One possible function of this non-chemical cell communication in Paramecium caudatum is assumed to be the regulation of population density. I distinct here the main-hypothesis of density regulation due to a physical signal that can trespass chemical barriers and the sub-hypothesis that these physical signals are of electromagnetic nature.

Paramecium caudatum used in this study are maintained in microcosms where they reach an average density of about 300 cells/mL. Even though they receive food (bacteria) ad libidum and each cell occupies only about 0.1% of the average volume available for each cell one never finds the cells overshooting that particular density. In the present study  I wanted to find out whether physical signals are used to regulate the cell density in Paramecium caudatum. For this,  I placed cells at four different densities, (i.e., 50, 100, 200 and 300 cells per mL) into cuvettes. It is expected that low-density populations would still grow during the course of the experiment whereas populations with higher densities would have a slower growth, and those at carrying capacity would stop growing - or just stay in a balance between cell mortality and division. Yet, what if we place smaller cuvettes containing 5 cells (per mL) into those above-mentioned populations? Would these 5 tester cells act as indicators in that they would grow in dependence on the density of the population they are surrounded by? The hypothesis of a physical (presumably electromagnetic) cell density regulation is based on the conclusion that the bigger the outer population is at the onset of the experiment the lower would not only be their own growth but also the lower would be the growth of those 5 original (indicator) cells placed inside. This was assumed to be so because the presumed endogenous (electromagnetic) signal with which the inducer population regulates its own density trespasses to the inner cuvette, where the tester population adopts its growth decision accordingly, hence indicating that the big inducer population can regulate its density via non-chemical cell-to-cell communication.

The results of this study deliver strong evidence for a physical regulation of population density: across chemical barriers the five inner cells grew less, the more neighbors they had. This indicates that the inducer populations released a signal that regulates cell density. When shielding against presumed electromagnetic signals, the growth decreasing effect from neighboring populations disappeared, supporting the assumption that an endogenous electromagnetic signal was transmitted from the outer inducer population to the inner tester population.

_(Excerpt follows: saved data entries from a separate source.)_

definition is_pcpp ::
  "nat \<Rightarrow> nat \<Rightarrow> nat \<Rightarrow> nat \<Rightarrow> real \<Rightarrow> real \<Rightarrow> (bool list \<Rightarrow> bool list) \<Rightarrow>
   (bool list \<Rightarrow> bool list) \<Rightarrow> qproc \<Rightarrow> bool" where
  "is_pcpp n l p q \<rho> s Enc S Vckt \<longleftrightarrow>
     (\<forall>c\<in>set_pmf Vckt. set (fst c) \<subseteq> {..<2*l+p} \<and> length (fst c) \<le> q) \<and>
     (\<forall>w\<in>L_ckt n Enc S. \<exists>\<pi>. length \<pi> = p \<and>
         measure_pmf.prob Vckt {c. run_pcpp (w @ \<pi>) c} = 1) \<and>
     (\<forall>w \<pi>. length w = 2*l \<longrightarrow> length \<pi> = p \<longrightarrow> dist_to w (L_ckt n Enc S) > \<rho>/4 \<longrightarrow>
         measure_pmf.prob Vckt {c. run_pcpp (w @ \<pi>) c} < s) \<and>
     (\<forall>k k'. k < 2*l+p \<longrightarrow> k' < 2*l+p \<longrightarrow>
         measure_pmf.prob Vckt {c. k \<in> set (fst c)} = measure_pmf.prob Vckt {c. k' \<in> set (fst c)})"

text \<open>Decision of V on x = f o g o pi given all random choices.\<close>
definition V_decide ::
  "nat \<Rightarrow> bool option list \<Rightarrow> nat list \<times> (bool list \<Rightarrow> bool) \<Rightarrow> nat list \<times> (bool list \<Rightarrow> bool)
   \<Rightarrow> nat \<Rightarrow> nat \<Rightarrow> nat list \<times> (bool list \<Rightarrow> bool) \<Rightarrow> bool" where
  "V_decide l x qf qg i j c =
    (let f = take l x; g = take l (drop l x) in
     if \<not> run_test f qf \<and> \<not> run_test g qg then False
     else if f ! i = None \<or> g ! j = None then True
     else (case c of (I, D) \<Rightarrow>
       if (\<exists>k\<in>set I. k < 2*l \<and> x ! k = None) then True
       else (\<forall>k\<in>set I. x ! k \<noteq> None) \<and> D (map (\<lambda>k. the (x ! k)) I)))"

definition V_run :: "nat \<Rightarrow> qproc \<Rightarrow> qproc \<Rightarrow> bool option list \<Rightarrow> bool pmf" where
  "V_run l M Vckt x =
     bind_pmf M (\<lambda>qf. bind_pmf M (\<lambda>qg.
     bind_pmf (pmf_of_set {..<l}) (\<lambda>i. bind_pmf (pmf_of_set {..<l}) (\<lambda>j.
     bind_pmf Vckt (\<lambda>c. return_pmf (V_decide l x qf qg i j c))))))"

definition SGR_yes :: "nat \<Rightarrow> (bool list \<Rightarrow> bool list) \<Rightarrow> bool" where
  "SGR_yes n S \<longleftrightarrow> (\<exists>as. as \<noteq> [] \<and> hd as = replicate n False \<and> last as = replicate n True \<and>
      (\<forall>a\<in>set as. length a = n) \<and>
      (\<forall>t. Suc t < length as \<longrightarrow> ckt_step S (as ! t) (as ! Suc t)))"

definition reconf_seq :: "nat \<Rightarrow> 'a list \<Rightarrow> 'a list \<Rightarrow> 'a list list \<Rightarrow> bool" where
  "reconf_seq N s t \<sigma> \<longleftrightarrow> \<sigma> \<noteq> [] \<and> hd \<sigma> = s \<and> last \<sigma> = t \<and> (\<forall>x\<in>set \<sigma>. length x = N) \<and>
     (\<forall>i. Suc i < length \<sigma> \<longrightarrow> card {k. k < N \<and> \<sigma> ! i ! k \<noteq> \<sigma> ! Suc i ! k} \<le> 1)"

end

theory Submission
  imports Defs
begin

(*
  Follow a path 0^n = a_1, ..., a_T = 1^n of the succinct graph. An edge a -- b is crossed in six
  phases, each of which changes one block symbol by symbol (B = bot^l):

    Enc a Enc a Pi(a,a) -> Enc a B Pi(a,a) -> Enc a B Pi(a,b) -> Enc a Enc b Pi(a,b)
      -> B Enc b Pi(a,b) -> B Enc b Pi(b,b) -> Enc b Enc b Pi(b,b).

  One half always holds an intact codeword, so the tester never rejects both halves. While the
  proof block changes, the other half is entirely bot, so step (2) accepts. Otherwise the string
  arises from a word that V_ckt accepts with certainty by erasing symbols of f o g only, so step (3)
  either reads a bot in f o g or reads exactly the bits of that word.
*)

definition differ_in_at_most_one :: "nat \<Rightarrow> 'a list \<Rightarrow> 'a list \<Rightarrow> bool" where
  "differ_in_at_most_one N x y \<longleftrightarrow> card {k. k < N \<and> x ! k \<noteq> y ! k} \<le> 1"

lemma reconf_seq_iff_successively:
  "reconf_seq N s t \<sigma> \<longleftrightarrow> \<sigma> \<noteq> [] \<and> hd \<sigma> = s \<and> last \<sigma> = t \<and> (\<forall>x\<in>set \<sigma>. length x = N) \<and>
     successively (differ_in_at_most_one N) \<sigma>"
  unfolding reconf_seq_def successively_conv_nth differ_in_at_most_one_def by blast

definition reconf_within :: "nat \<Rightarrow> ('a list \<Rightarrow> bool) \<Rightarrow> 'a list \<Rightarrow> 'a list \<Rightarrow> bool" where
  "reconf_within N P x y \<longleftrightarrow> (\<exists>\<sigma>. reconf_seq N x y \<sigma> \<and> (\<forall>z\<in>set \<sigma>. P z))"

lemma reconf_within_trans [trans]:
  assumes "reconf_within N P x y" "reconf_within N P y z"
  shows "reconf_within N P x z"
proof -
  obtain \<sigma> \<tau> where "reconf_seq N x y \<sigma>" "\<forall>z\<in>set \<sigma>. P z" "reconf_seq N y z \<tau>" "\<forall>z\<in>set \<tau>. P z"
    using assms unfolding reconf_within_def by blast
  moreover have "differ_in_at_most_one N y y"
    by (simp add: differ_in_at_most_one_def)
  ultimately have "reconf_seq N x z (\<sigma> @ \<tau>) \<and> (\<forall>z\<in>set (\<sigma> @ \<tau>). P z)"
    unfolding reconf_seq_iff_successively by (auto simp: successively_append_iff)
  then show ?thesis
    unfolding reconf_within_def by blast
qed

lemma reconf_within_sym:
  assumes "reconf_within N P x y"
  shows "reconf_within N P y x"
proof -
  obtain \<sigma> where \<sigma>: "reconf_seq N x y \<sigma>" "\<forall>z\<in>set \<sigma>. P z"
    using assms unfolding reconf_within_def by blast
  have "differ_in_at_most_one N a b = differ_in_at_most_one N b a" for a b :: "'a list"
    unfolding differ_in_at_most_one_def by (simp add: eq_commute)
  then have "reconf_seq N y x (rev \<sigma>)"
    using \<sigma>(1) unfolding reconf_seq_iff_successively by (simp add: hd_rev last_rev)
  then show ?thesis
    using \<sigma>(2) unfolding reconf_within_def by (metis set_rev)
qed

lemma reconf_within_successively:
  assumes "successively R as" "as \<noteq> []" "reflp R"
    and "\<And>a b. a \<in> set as \<Longrightarrow> b \<in> set as \<Longrightarrow> R a b \<Longrightarrow> reconf_within N P (F a) (F b)"
  shows "reconf_within N P (F (hd as)) (F (last as))"
  using assms
proof (induction as)
  case Nil
  then show ?case by simp
next
  case (Cons a as)
  show ?case
  proof (cases "as = []")
    case True
    then show ?thesis
      using Cons.prems(3,4) by (simp add: reflpD)
  next
    case False
    then have "reconf_within N P (F a) (F (hd as))"
      using Cons.prems(1,4) by (cases as) auto
    moreover have "reconf_within N P (F (hd as)) (F (last as))"
      using Cons False by (auto simp: successively_Cons)
    ultimately show ?thesis
      using False by (auto intro: reconf_within_trans)
  qed
qed

lemma reconf_within_box:
  assumes x: "list_all2 (\<in>) x Bs" and y: "list_all2 (\<in>) y Bs"
    and P: "\<And>z. list_all2 (\<in>) z Bs \<Longrightarrow> P z"
  shows "reconf_within (length Bs) P x y"
proof -
  define N where "N = length Bs"
  define mix where "mix m = take m y @ drop m x" for m
  define \<sigma> where "\<sigma> = map mix [0..<Suc N]"
  have len: "length x = N" "length y = N"
    using x y by (simp_all add: N_def list_all2_lengthD)
  have mix_nth: "mix m ! k = (if k < m then y ! k else x ! k)" if "m \<le> N" "k < N" for m k
    using that len by (simp add: mix_def nth_append)
  have mix_box: "list_all2 (\<in>) (mix m) Bs" for m
  proof -
    have "list_all2 (\<in>) (take m y @ drop m x) (take m Bs @ drop m Bs)"
      using x y by (intro list_all2_appendI) simp_all
    then show ?thesis by (simp add: mix_def)
  qed
  have "differ_in_at_most_one N (mix m) (mix (Suc m))" if "m < N" for m
  proof -
    have "{k. k < N \<and> mix m ! k \<noteq> mix (Suc m) ! k} \<subseteq> {m}"
      using that by (auto simp: mix_nth split: if_splits)
    then have "card {k. k < N \<and> mix m ! k \<noteq> mix (Suc m) ! k} \<le> card {m}"
      by (intro card_mono) auto
    then show ?thesis
      by (simp add: differ_in_at_most_one_def)
  qed
  then have "successively (differ_in_at_most_one N) \<sigma>"
    by (auto simp: \<sigma>_def successively_conv_nth simp del: upt_Suc)
  moreover have "mix 0 = x" "mix N = y"
    using len by (simp_all add: mix_def)
  moreover have "\<forall>z\<in>set \<sigma>. length z = N \<and> P z"
    using mix_box P by (auto simp: \<sigma>_def N_def dest: list_all2_lengthD)
  ultimately have "reconf_seq N x y \<sigma> \<and> (\<forall>z\<in>set \<sigma>. P z)"
    unfolding reconf_seq_iff_successively by (simp add: \<sigma>_def hd_map last_map del: upt_Suc)
  then show ?thesis
    unfolding reconf_within_def N_def by blast
qed

definition erasure_of :: "'a option list \<Rightarrow> 'a list \<Rightarrow> bool" where
  "erasure_of z w \<longleftrightarrow> list_all2 (\<lambda>v b. v = None \<or> v = Some b) z w"

lemma erasure_of_map_Some: "erasure_of (map Some w) w"
  by (simp add: erasure_of_def list_all2_map1 list_all2_refl)

lemma erasure_of_replicate_None: "erasure_of (replicate (length w) None) w"
  by (simp add: erasure_of_def list_all2_conv_all_nth)

lemma list_all2_mem_singletons: "list_all2 (\<in>) z (map (\<lambda>a. {a}) x) \<longleftrightarrow> z = x"
  by (simp add: list_all2_map2 list_all2_eq)

lemma reconf_within_erase_block:
  assumes "\<And>zv. erasure_of zv v \<Longrightarrow> P (x @ zv @ y)"
  shows "reconf_within (length x + length v + length y) P
           (x @ map Some v @ y) (x @ replicate (length v) None @ y)"
proof -
  define Bs where "Bs = map (\<lambda>a. {a}) x @ map (\<lambda>b. {None, Some b}) v @ map (\<lambda>a. {a}) y"
  have erasable: "list_all2 (\<in>) zv (map (\<lambda>b. {None, Some b}) v) \<longleftrightarrow> erasure_of zv v" for zv
    by (auto simp: erasure_of_def list_all2_map2 elim!: list_all2_mono)
  have "reconf_within (length Bs) P (x @ map Some v @ y) (x @ replicate (length v) None @ y)"
  proof (rule reconf_within_box)
    show "list_all2 (\<in>) (x @ map Some v @ y) Bs" "list_all2 (\<in>) (x @ replicate (length v) None @ y) Bs"
      unfolding Bs_def using erasure_of_map_Some erasure_of_replicate_None
      by (auto intro!: list_all2_appendI simp: list_all2_mem_singletons erasable)
    show "P z" if "list_all2 (\<in>) z Bs" for z
      using that assms unfolding Bs_def
      by (auto simp: list_all2_append2 list_all2_mem_singletons erasable)
  qed
  then show ?thesis
    by (simp add: Bs_def add.assoc)
qed

lemma reconf_within_rewrite_block:
  assumes "length y' = length y" "\<And>z. length z = length y \<Longrightarrow> P (x @ z)"
  shows "reconf_within (length x + length y) P (x @ y) (x @ y')"
proof -
  define Bs where "Bs = map (\<lambda>a. {a}) x @ replicate (length y) UNIV"
  have "reconf_within (length Bs) P (x @ y) (x @ y')"
  proof (rule reconf_within_box)
    show "list_all2 (\<in>) (x @ y) Bs" "list_all2 (\<in>) (x @ y') Bs"
      unfolding Bs_def using assms(1)
      by (auto intro!: list_all2_appendI simp: list_all2_mem_singletons simp del: list_all2_append)
        (simp_all add: list_all2_conv_all_nth)
    show "P z" if "list_all2 (\<in>) z Bs" for z
      using that assms(2) unfolding Bs_def
      by (auto simp: list_all2_append2 list_all2_mem_singletons dest: list_all2_lengthD)
  qed
  then show ?thesis
    by (simp add: Bs_def)
qed

locale composed_verifier =
  fixes l p :: nat and M Vckt :: qproc
  assumes half_length_pos: "0 < l"
      \<comment> \<open>V_run samples from pmf_of_set {..<l}, which is junk for l = 0\<close>
    and Vckt_queries: "c \<in> set_pmf Vckt \<Longrightarrow> set (fst c) \<subseteq> {..<2*l+p}"
begin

Experiment 1: Density-effect

The inducer populations showed a highly significant negative relation between initial population size and cell division rate (ANOVA (linear fit): DF = 1; SS = 16.257; F-ratio = 610.6; p > F = 0.0001****) with the biggest populations (300 cells at origin) performing no more growth (Fig. 1(b)). Cell division rates of tester cells and controls had similar mean values (ANOVA (linear fit): DF = 1; SS = 0.007; F-ratio = 0.148; p > F = 0.702 ns). In either of the above tests there was a highly significant effect from repeating the experiment (Tab 1), but no material effects due to different cuvette material (statistics not shown) which latter allowed to merge the glass and quartz treatment groups which leading then to n = 16 per treatment group.

Figure 1
figure 1

Panel (a) and (d) refer to Material & Method, panel (b), (c) and (e) to Results. (a) Visualization of the experimental setup. (b) Growth of inducer populations. The x-axis shows the densities of the inducer populations at the beginning of the experiment. The y-axis show log transformed growth rates of these inducer populations. The bigger the inducer populations were at the beginning the less they were growing. (c) Growth of tester (indicator) populations. The x-axis shows the densities of the inducer populations at the beginning of the experiment. The y-axis show log transformed growth rates of tester populations. The bigger the inducer populations were at the beginning the less the tester populations were growing. (d) Arrangement of units in a grid. All units – small cuvette standing in a big one, i.e. treatment group(s) – have been optically shielded from each other (by black cardboard of 0.33 mm thickness). In a typical experiment, the units are placed in a random design. Note, that volatiles – if existing – would affect the outcome by influencing all units across a microclimate. (e) Effect of graphite shielding. Shielded cells grow better than non-shielded tester populations when (both are) having neighbors.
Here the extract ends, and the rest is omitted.